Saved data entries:
● ● ●

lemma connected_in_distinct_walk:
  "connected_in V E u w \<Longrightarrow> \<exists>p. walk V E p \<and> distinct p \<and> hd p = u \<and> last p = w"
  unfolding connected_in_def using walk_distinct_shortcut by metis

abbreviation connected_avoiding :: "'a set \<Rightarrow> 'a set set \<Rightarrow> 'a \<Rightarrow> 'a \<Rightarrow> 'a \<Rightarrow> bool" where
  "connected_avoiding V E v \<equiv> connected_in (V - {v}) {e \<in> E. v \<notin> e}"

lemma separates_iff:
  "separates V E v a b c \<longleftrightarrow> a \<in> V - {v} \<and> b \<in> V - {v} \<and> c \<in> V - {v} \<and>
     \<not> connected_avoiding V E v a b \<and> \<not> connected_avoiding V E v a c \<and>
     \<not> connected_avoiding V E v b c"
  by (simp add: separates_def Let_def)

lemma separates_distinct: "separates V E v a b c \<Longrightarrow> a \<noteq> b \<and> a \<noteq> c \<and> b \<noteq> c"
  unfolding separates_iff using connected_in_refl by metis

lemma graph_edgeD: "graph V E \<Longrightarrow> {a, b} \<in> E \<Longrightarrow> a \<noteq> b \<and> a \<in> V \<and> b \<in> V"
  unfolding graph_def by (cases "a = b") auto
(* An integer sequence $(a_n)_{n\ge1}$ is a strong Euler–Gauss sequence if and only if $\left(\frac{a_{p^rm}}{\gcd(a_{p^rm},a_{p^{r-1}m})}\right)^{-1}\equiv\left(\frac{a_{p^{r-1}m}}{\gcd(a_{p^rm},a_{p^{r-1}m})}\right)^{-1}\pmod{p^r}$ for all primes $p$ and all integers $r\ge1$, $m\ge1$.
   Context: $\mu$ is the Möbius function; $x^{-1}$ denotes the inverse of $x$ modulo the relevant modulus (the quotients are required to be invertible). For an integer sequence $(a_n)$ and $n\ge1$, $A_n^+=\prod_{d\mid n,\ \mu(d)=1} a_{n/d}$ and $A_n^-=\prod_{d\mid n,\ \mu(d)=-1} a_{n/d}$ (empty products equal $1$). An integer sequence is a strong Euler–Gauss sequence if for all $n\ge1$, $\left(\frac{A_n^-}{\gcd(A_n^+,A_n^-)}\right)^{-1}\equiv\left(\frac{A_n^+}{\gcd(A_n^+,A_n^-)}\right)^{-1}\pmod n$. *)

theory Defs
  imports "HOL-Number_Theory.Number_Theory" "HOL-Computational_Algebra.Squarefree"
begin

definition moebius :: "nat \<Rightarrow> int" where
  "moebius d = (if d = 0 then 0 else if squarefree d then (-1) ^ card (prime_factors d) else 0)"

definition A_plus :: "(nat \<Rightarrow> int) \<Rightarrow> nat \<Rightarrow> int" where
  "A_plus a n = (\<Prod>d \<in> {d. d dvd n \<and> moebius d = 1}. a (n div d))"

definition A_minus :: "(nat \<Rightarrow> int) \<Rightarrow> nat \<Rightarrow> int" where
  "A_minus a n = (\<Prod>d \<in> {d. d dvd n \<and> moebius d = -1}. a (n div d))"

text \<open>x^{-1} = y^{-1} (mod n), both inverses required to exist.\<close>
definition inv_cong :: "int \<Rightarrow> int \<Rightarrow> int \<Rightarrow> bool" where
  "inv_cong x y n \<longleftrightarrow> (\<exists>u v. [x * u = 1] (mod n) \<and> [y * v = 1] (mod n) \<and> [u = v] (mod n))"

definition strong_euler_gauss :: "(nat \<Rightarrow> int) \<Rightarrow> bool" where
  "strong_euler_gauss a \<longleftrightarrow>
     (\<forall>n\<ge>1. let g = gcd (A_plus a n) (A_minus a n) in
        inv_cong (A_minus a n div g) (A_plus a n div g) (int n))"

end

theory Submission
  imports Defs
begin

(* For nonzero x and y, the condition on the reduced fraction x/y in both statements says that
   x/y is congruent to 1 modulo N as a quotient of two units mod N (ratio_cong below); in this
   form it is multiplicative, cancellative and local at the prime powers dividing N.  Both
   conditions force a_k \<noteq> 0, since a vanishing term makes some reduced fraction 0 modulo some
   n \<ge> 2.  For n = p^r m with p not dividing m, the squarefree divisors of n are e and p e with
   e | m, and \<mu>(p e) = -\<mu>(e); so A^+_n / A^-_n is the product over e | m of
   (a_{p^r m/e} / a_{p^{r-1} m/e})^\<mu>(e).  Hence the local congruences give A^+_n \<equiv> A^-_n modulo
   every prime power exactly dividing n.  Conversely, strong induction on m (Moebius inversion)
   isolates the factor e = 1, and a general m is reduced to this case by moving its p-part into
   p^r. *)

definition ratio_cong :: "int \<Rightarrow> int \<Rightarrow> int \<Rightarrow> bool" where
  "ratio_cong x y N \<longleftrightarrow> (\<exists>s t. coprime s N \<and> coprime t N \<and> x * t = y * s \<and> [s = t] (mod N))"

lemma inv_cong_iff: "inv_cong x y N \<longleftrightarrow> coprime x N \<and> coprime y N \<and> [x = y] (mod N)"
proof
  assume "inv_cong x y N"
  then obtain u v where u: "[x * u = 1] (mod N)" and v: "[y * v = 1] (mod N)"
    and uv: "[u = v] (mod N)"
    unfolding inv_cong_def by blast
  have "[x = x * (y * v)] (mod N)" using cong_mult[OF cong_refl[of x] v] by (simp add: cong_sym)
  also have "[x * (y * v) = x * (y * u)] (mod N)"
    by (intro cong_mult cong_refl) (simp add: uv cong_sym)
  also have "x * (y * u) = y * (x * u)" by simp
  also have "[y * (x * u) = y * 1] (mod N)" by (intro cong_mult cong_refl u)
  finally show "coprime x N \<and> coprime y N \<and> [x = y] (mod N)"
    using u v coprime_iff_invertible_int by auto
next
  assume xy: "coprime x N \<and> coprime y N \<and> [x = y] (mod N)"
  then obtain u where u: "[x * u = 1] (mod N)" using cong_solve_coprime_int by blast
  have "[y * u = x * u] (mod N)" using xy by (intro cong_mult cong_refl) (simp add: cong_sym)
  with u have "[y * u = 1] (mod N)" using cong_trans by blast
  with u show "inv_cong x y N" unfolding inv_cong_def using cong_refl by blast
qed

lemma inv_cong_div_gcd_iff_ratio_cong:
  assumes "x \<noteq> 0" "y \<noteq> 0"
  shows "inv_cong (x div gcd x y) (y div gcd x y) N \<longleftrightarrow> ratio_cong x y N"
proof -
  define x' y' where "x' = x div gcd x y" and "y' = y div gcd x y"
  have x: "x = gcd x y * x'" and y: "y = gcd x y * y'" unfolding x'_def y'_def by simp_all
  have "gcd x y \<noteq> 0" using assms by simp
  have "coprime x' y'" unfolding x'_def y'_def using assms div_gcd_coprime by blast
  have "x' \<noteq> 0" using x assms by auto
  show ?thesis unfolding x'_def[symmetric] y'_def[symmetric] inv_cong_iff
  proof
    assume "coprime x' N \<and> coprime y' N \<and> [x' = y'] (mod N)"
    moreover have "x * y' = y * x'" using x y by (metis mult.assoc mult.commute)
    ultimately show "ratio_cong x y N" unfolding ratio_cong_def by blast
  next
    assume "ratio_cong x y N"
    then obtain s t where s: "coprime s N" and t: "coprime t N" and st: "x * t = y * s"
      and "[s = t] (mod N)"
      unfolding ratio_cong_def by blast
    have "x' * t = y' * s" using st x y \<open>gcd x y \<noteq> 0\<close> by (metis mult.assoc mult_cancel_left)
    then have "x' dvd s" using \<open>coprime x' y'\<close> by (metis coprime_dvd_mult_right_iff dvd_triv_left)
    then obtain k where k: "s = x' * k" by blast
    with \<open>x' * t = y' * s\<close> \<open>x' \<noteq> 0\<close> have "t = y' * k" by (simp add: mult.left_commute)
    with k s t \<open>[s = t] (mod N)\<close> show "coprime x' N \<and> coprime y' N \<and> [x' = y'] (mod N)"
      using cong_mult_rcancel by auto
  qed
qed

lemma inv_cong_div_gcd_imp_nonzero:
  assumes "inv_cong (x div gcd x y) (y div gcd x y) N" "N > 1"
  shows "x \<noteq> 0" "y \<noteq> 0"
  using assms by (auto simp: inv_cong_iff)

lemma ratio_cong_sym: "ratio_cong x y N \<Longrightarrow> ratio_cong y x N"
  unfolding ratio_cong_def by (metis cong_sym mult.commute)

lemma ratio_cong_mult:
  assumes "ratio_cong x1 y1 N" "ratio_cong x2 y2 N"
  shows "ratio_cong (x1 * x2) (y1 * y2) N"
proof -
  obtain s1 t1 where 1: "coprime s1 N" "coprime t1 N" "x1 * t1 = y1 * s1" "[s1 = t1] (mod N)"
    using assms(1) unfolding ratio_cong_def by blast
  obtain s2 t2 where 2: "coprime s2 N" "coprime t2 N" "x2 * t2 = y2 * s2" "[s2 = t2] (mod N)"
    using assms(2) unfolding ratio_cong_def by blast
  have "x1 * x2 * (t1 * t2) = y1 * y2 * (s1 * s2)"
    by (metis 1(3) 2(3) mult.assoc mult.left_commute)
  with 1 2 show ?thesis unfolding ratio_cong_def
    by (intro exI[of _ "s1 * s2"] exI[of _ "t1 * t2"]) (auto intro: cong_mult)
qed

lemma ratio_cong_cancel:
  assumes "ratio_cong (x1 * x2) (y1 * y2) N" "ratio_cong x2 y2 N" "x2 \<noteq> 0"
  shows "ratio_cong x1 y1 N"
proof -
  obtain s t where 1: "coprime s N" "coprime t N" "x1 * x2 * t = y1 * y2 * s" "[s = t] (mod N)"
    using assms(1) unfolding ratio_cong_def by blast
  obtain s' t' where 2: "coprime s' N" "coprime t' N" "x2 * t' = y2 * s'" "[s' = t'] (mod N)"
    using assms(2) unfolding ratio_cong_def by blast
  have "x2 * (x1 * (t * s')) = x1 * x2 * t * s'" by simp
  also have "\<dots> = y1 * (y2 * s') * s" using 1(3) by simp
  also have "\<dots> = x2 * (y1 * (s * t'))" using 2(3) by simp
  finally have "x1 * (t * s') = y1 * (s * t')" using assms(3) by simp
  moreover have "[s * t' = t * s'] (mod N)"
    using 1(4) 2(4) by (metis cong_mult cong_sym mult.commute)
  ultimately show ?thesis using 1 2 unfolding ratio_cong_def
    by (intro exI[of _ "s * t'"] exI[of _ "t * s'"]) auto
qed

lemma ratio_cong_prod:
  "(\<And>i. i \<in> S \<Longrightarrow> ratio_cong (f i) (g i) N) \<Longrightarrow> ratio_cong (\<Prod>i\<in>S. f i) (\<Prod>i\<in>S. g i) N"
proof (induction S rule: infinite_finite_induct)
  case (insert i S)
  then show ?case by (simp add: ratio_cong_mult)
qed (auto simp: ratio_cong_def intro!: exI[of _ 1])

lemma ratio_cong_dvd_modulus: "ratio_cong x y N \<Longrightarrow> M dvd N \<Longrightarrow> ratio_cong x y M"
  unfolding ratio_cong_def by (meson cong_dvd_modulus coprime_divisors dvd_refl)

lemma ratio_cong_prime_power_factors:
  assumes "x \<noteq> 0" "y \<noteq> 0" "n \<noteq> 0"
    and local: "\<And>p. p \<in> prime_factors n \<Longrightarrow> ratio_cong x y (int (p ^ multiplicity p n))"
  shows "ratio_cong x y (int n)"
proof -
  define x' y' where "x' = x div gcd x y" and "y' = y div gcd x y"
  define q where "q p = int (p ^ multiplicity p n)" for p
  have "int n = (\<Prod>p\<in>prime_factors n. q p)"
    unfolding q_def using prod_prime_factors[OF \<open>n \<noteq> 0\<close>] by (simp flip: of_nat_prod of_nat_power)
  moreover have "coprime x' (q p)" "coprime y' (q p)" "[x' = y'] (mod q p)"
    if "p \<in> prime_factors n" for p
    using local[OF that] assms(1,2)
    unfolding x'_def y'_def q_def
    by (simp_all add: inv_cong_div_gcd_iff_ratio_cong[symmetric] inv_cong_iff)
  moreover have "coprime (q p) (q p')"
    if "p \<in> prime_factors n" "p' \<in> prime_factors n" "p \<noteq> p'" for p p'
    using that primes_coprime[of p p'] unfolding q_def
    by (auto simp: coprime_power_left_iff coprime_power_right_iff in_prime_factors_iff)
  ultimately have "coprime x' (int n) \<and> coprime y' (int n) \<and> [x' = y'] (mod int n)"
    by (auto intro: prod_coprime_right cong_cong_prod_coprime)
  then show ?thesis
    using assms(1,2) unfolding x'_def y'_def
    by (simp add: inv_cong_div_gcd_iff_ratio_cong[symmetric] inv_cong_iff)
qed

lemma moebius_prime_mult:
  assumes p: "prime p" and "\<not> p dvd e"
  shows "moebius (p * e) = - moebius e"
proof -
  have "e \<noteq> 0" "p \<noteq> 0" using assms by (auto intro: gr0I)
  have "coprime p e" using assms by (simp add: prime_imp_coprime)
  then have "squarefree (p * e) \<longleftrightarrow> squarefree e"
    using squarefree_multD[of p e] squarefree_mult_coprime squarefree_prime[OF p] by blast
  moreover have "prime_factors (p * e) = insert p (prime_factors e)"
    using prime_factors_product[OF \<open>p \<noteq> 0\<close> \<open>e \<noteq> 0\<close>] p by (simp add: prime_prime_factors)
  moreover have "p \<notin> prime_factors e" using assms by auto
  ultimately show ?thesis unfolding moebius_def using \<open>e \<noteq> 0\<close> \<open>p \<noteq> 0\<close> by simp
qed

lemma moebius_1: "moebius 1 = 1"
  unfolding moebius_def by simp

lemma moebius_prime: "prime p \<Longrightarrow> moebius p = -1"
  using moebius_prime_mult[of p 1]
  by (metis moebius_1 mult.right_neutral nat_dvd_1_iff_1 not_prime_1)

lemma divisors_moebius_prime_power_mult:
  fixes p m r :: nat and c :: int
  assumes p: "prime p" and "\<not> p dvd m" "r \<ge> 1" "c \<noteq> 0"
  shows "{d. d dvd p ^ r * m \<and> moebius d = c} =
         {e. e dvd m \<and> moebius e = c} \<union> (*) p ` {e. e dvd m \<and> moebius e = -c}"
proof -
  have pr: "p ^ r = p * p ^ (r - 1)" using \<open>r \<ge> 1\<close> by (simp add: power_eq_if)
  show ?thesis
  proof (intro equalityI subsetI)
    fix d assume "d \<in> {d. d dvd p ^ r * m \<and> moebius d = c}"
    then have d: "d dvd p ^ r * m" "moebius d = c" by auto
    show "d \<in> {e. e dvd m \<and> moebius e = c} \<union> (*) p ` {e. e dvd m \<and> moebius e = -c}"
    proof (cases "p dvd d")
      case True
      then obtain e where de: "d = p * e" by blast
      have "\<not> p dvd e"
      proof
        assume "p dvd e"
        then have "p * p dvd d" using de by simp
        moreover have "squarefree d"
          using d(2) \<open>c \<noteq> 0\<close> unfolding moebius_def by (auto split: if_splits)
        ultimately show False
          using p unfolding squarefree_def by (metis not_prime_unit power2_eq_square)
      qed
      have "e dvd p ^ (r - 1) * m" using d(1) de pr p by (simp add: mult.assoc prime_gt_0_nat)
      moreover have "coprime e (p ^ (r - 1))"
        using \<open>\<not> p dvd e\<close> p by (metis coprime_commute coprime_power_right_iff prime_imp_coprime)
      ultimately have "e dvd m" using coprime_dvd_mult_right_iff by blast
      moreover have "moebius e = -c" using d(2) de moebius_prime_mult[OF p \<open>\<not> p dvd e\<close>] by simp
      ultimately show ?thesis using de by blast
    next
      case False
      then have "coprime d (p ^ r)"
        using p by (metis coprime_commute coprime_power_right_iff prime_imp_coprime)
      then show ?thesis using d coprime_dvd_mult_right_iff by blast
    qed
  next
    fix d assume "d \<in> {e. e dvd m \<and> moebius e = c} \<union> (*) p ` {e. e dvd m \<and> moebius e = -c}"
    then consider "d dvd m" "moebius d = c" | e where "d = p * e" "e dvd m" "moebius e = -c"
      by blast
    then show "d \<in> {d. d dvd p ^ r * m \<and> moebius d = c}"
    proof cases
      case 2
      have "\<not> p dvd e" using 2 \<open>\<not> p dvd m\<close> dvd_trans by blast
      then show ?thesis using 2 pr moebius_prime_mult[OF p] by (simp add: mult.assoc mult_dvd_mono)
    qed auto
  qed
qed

● ● ●

Could you output the lines above, exactly as written, from the one containing "proof cases" through the last, with both ends included and no others?

Answer to the problem =
    proof cases
      case 2
      have "\<not> p dvd e" using 2 \<open>\<not> p dvd m\<close> dvd_trans by blast
      then show ?thesis using 2 pr moebius_prime_mult[OF p] by (simp add: mult.assoc mult_dvd_mono)
    qed auto
  qed
qed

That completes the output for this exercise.